The Guilt of (this) Working Mom takes shape in many forms. In the nutella with bread Zoey gets each morning despite the fact that it's not part of a balanced breakfast no matter what the commercial says. In the way I practically make out with Ozzy the minute I walk through the door, holding him while I shuffle around the house because my lower back has seized up. In the little dance I do in front of my house each morning; Zoey watching through the picture window as I blow kisses, then hugs, then
I love you in American Sign Language which always makes me feel a little like I'm listening to Metallica, the difference only in the inclusion of a thumb.
Three times mommy! Do it three times today! And so I do it while cars drive past,
mwah, mmmhug, a flash of fingers,
mwah, mmmhug, a flash of fingers, mwah, mmmhug, a flash of fingers. As if I am going off to war and not just walking to the bus stop.
Long ago I made the mistake of drawing on the napkin that I put in Zoey's lunch box, a princess or something, I don't know. The next day she asked for a pirate, and then a spider, a bat, castle, mountains, fish, stars, rainbows. Before I knew it I could not
not draw a picture on her napkin, each night thinking
what should I draw for tomorrow? 10 o'clock tired and realizing
shit, I forgot to draw something, pulling out a pen and sketching a skeleton in October, turkeys in November, Santa and snowflakes, my favorite: elves having a snowball fight. And then last week I found a zippered compartment in Zoey's lunch box that I didn't know was there. I opened it and found a stash of old napkins.
Those are my favorites, Zoey said when I asked why they were there.
I can't throw those away because you're famous, she said.
I'm not famous, I told her, but she insisted I was. Said that all her friends loved my napkins, that at the beginning of lunch they crowded around her to see what it would be that day, that I was a famous drawer and a famous mommy, and you know where this is going, right?

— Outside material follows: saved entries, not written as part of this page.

lemma norm_le_barrier:
  fixes v g :: "real \<Rightarrow> 'a::real_inner" and A B B' :: "real \<Rightarrow> real"
  assumes "t0 \<le> T"
    and dv: "\<And>t. t \<in> {t0..T} \<Longrightarrow> (v has_vector_derivative (- A t *\<^sub>R v t + g t)) (at t within {t0..T})"
    and dB: "\<And>t. t \<in> {t0..T} \<Longrightarrow> (B has_real_derivative B' t) (at t)"
    and B_nonneg: "\<And>t. t \<in> {t0<..<T} \<Longrightarrow> 0 \<le> B t"
    and barrier: "\<And>t. t \<in> {t0<..<T} \<Longrightarrow> B t < norm (v t) \<Longrightarrow> norm (g t) - A t * norm (v t) \<le> B' t"
    and init: "norm (v t0) \<le> B t0"
  shows "norm (v T) \<le> B T"
proof -
  have "norm (v T) - B T \<le> 0"
  proof (rule nonpos_if_deriv_nonpos_where_pos[OF \<open>t0 \<le> T\<close>])
    have "continuous_on {t0..T} v"
      using dv by (rule continuous_on_if_has_vector_derivative)
    moreover have "continuous_on {t0..T} B"
      using dB by (intro continuous_at_imp_continuous_on) (blast intro: DERIV_isCont)
    ultimately show "continuous_on {t0..T} (\<lambda>t. norm (v t) - B t)"
      by (intro continuous_intros)
    show "norm (v t0) - B t0 \<le> 0" using init by simp
  next
    fix t assume t: "t0 < t" "t < T" "0 < norm (v t) - B t"
    then have "v t \<noteq> 0" using B_nonneg[of t] by auto
    have "(v has_vector_derivative (- A t *\<^sub>R v t + g t)) (at t)"
      using dv[of t] t by (simp add: at_within_Icc_at)
    from has_real_derivative_norm[OF this \<open>v t \<noteq> 0\<close>] dB[of t] t
    have "((\<lambda>t. norm (v t) - B t) has_real_derivative
        sgn (v t) \<bullet> (- A t *\<^sub>R v t + g t) - B' t) (at t)"
      by (intro derivative_intros) auto
    moreover have "sgn (v t) \<bullet> (- A t *\<^sub>R v t + g t) \<le> norm (g t) - A t * norm (v t)"
    proof -
      have "sgn (v t) \<bullet> v t = norm (v t)"
        using \<open>v t \<noteq> 0\<close> by (simp add: sgn_div_norm dot_square_norm power2_eq_square)
      moreover have "sgn (v t) \<bullet> g t \<le> norm (g t)"
        using norm_cauchy_schwarz[of "sgn (v t)" "g t"] \<open>v t \<noteq> 0\<close> by (simp add: norm_sgn)
      ultimately show ?thesis by (simp add: inner_diff_right)
    qed
    ultimately show "\<exists>D. ((\<lambda>t. norm (v t) - B t) has_real_derivative D) (at t) \<and> D \<le> 0"
      using barrier[of t] t by force
  qed
  then show ?thesis by simp
qed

I am not the best artist. Not the best writer or the best person, not the smartest, most beautiful, not even the worst or the ugliest, dumbest or sluttiest. Not the
estiest of anything, really. But in that moment I was super-superlative more than most and then some. Because every day while I am in a meeting maybe, or eating a tasteless sandwich dropping crumbs on my keyboard, every day while I am on the 21st floor of a building my daughter is nine miles away at noon thinking I am a famous mommy, and that right there is everything.

So yes, it seems I will be drawing on napkins every weeknight until Zoey, and then Ozzy is out of school. Bunnies and cats, maps, mice, people with very big eyes and cupcakes. I will draw on napkins until they tell me to stop, beg me,
mom, you have got to stop sending napkins to my dorm, to my work, to my husband, to my wife. And I will smile the smile of someone who knows she is good at what she does. Because I am their mommy, and they made me famous.
Now if you'll excuse me, I have a napkin to go draw. (I'm thinking raccoon.)